— What this task involves —
Copy the records below word for word. Stop after the line that contains "to \<open>C(n+p+1, p+1)\<close>.\<close>".

------ Material supplied

(* For all integers $p \ge 0$ and $n \ge 1$, \[ p! + \sum_{t=0}^{p} \begin{bmatrix} p+1 \\ t+1 \end{bmatrix} S_t(n) = p! \binom{n+p+1}{p+1}. \]
   Context: $S_t(n) = 1^t + 2^t + \cdots + n^t$ for integers $t \ge 0$ (so $S_0(n)=n$). $\begin{bmatrix} m \\ k \end{bmatrix}$ denotes the unsigned Stirling number of the first kind: the number of permutations of $m$ elements with exactly $k$ cycles. *)

theory Defs
  imports Main "HOL-Combinatorics.Stirling"
begin

definition power_sum :: "nat \<Rightarrow> nat \<Rightarrow> nat" where
  "power_sum t n = (\<Sum>k=1..n. k ^ t)"

end

theory Submission
  imports Defs
begin

text \<open>Expanding the power sums and summing over k first, the inner sum
  \<open>\<Sum>\<^sub>t [p+1, t+1] k\<^sup>t\<close> is the Stirling expansion of the rising factorial
  \<open>x(x+1)\<cdots>(x+p)\<close> divided by x, evaluated at x = k; that is \<open>(k+1)\<cdots>(k+p) = p! C(k+p, p)\<close>.
  The extra term p! is the value at k = 0, and the hockey-stick identity sums
  \<open>C(k+p, p)\<close> over \<open>0 \<le> k \<le> n\<close> to \<open>C(n+p+1, p+1)\<close>.\<close>

lemma pochhammer_of_nat_Suc_eq_fact_binomial:
  "pochhammer (of_nat k + 1) p
     = (fact p * of_nat ((k + p) choose p) :: 'a::{comm_semiring_1, semiring_char_0})"
proof (induction p)
  case 0
  then show ?case by simp
next
  case (Suc p)
  have "pochhammer (of_nat k + 1) (Suc p)
      = fact p * of_nat ((k + p) choose p) * (of_nat (Suc (k + p)) :: 'a)"
    using Suc by (simp add: pochhammer_Suc algebra_simps)
  also have "\<dots> = fact p * of_nat (Suc (k + p) * ((k + p) choose p))"
    by (simp add: algebra_simps)
  also have "\<dots> = fact p * of_nat ((Suc (k + p) choose Suc p) * Suc p)"
    by (simp only: Suc_times_binomial_eq)
  also have "\<dots> = fact (Suc p) * of_nat ((k + Suc p) choose Suc p)"
    by (simp add: algebra_simps)
  finally show ?case .
qed

lemma sum_stirling_Suc_Suc_power:
  "(\<Sum>t\<le>p. of_nat (stirling (Suc p) (Suc t)) * x ^ t)
     = (pochhammer (x + 1) p :: 'a::{comm_semiring_1, semiring_no_zero_divisors_cancel})"
proof (cases "x = 0")
  case True
  have "(\<Sum>t\<le>p. of_nat (stirling (Suc p) (Suc t)) * x ^ t) = (of_nat (fact p) :: 'a)"
    using True by (simp add: sum.atMost_shift stirling_Suc_n_1 del: stirling.simps)
  then show ?thesis
    using True pochhammer_of_nat[of 1 p, where 'a='a] by (simp add: pochhammer_fact del: stirling.simps)
next
  case False
  txt \<open>Multiplied by x, the sum is the Stirling expansion of \<open>pochhammer x (Suc p)\<close>.\<close>
  have "x * (\<Sum>t\<le>p. of_nat (stirling (Suc p) (Suc t)) * x ^ t)
      = (\<Sum>j\<le>Suc p. of_nat (stirling (Suc p) j) * x ^ j)"
    by (subst sum.atMost_Suc_shift) (simp add: sum_distrib_left algebra_simps del: stirling.simps)
  also have "\<dots> = x * pochhammer (x + 1) p"
    by (simp add: stirling_pochhammer pochhammer_rec)
  finally show ?thesis
    using False by simp
qed

lemma sum_binomial_upper_shift:
  "(\<Sum>k\<le>n. (k + p) choose p) = (n + p + 1) choose (p + 1)"
proof -
  have "(\<Sum>k\<le>n. (k + p) choose p) = (\<Sum>k\<le>n. (p + k) choose k)"
    by (rule sum.cong) (simp_all add: binomial_symmetric[of p "_ + p"] add.commute)
  also have "\<dots> = Suc (p + n) choose n"
    by (rule sum_choose_lower)
  also have "\<dots> = (n + p + 1) choose (p + 1)"
    using binomial_symmetric[of n "Suc (p + n)"] by (simp add: add.commute)
  finally show ?thesis .
qed

lemma sum_mult_power_sum:
  "(\<Sum>t\<in>T. c t * power_sum t n) = (\<Sum>k=1..n. \<Sum>t\<in>T. c t * k ^ t)"
  unfolding power_sum_def by (simp add: sum_distrib_left sum.swap[of _ T])

theorem mainTheorem5:
  fixes p n :: nat
  assumes "n \<ge> 1"
  shows "fact p + (\<Sum>t=0..p. stirling (p+1) (t+1) * power_sum t n)
           = fact p * ((n + p + 1) choose (p + 1))"
proof -
  have rising_factorial: "(\<Sum>t=0..p. stirling (p+1) (t+1) * k ^ t) = fact p * ((k + p) choose p)"
    for k :: nat
    using sum_stirling_Suc_Suc_power[of p k]
      pochhammer_of_nat_Suc_eq_fact_binomial[of k p, where 'a=nat]
    by (simp add: atLeast0AtMost del: stirling.simps)
  have "(\<Sum>t=0..p. stirling (p+1) (t+1) * power_sum t n)
      = (\<Sum>k=1..n. fact p * ((k + p) choose p))"
    by (simp only: sum_mult_power_sum rising_factorial)
  then have "fact p + (\<Sum>t=0..p. stirling (p+1) (t+1) * power_sum t n)
      = fact p * ((0 + p) choose p) + (\<Sum>k=1..n. fact p * ((k + p) choose p))"
    by simp
  also have "\<dots> = fact p * (\<Sum>k\<le>n. (k + p) choose p)"
    by (simp add: sum_distrib_left atMost_atLeast0 sum.atLeast_Suc_atMost[of 0 n])
  also have "\<dots> = fact p * ((n + p + 1) choose (p + 1))"
    by (simp only: sum_binomial_upper_shift)
  finally show ?thesis .
qed

end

------------

— Output of the exercise —
(* For all integers $p \ge 0$ and $n \ge 1$, \[ p! + \sum_{t=0}^{p} \begin{bmatrix} p+1 \\ t+1 \end{bmatrix} S_t(n) = p! \binom{n+p+1}{p+1}. \]
   Context: $S_t(n) = 1^t + 2^t + \cdots + n^t$ for integers $t \ge 0$ (so $S_0(n)=n$). $\begin{bmatrix} m \\ k \end{bmatrix}$ denotes the unsigned Stirling number of the first kind: the number of permutations of $m$ elements with exactly $k$ cycles. *)

theory Defs
  imports Main "HOL-Combinatorics.Stirling"
begin

definition power_sum :: "nat \<Rightarrow> nat \<Rightarrow> nat" where
  "power_sum t n = (\<Sum>k=1..n. k ^ t)"

end

theory Submission
  imports Defs
begin

text \<open>Expanding the power sums and summing over k first, the inner sum
  \<open>\<Sum>\<^sub>t [p+1, t+1] k\<^sup>t\<close> is the Stirling expansion of the rising factorial
  \<open>x(x+1)\<cdots>(x+p)\<close> divided by x, evaluated at x = k; that is \<open>(k+1)\<cdots>(k+p) = p! C(k+p, p)\<close>.
  The extra term p! is the value at k = 0, and the hockey-stick identity sums
  \<open>C(k+p, p)\<close> over \<open>0 \<le> k \<le> n\<close> to \<open>C(n+p+1, p+1)\<close>.\<close>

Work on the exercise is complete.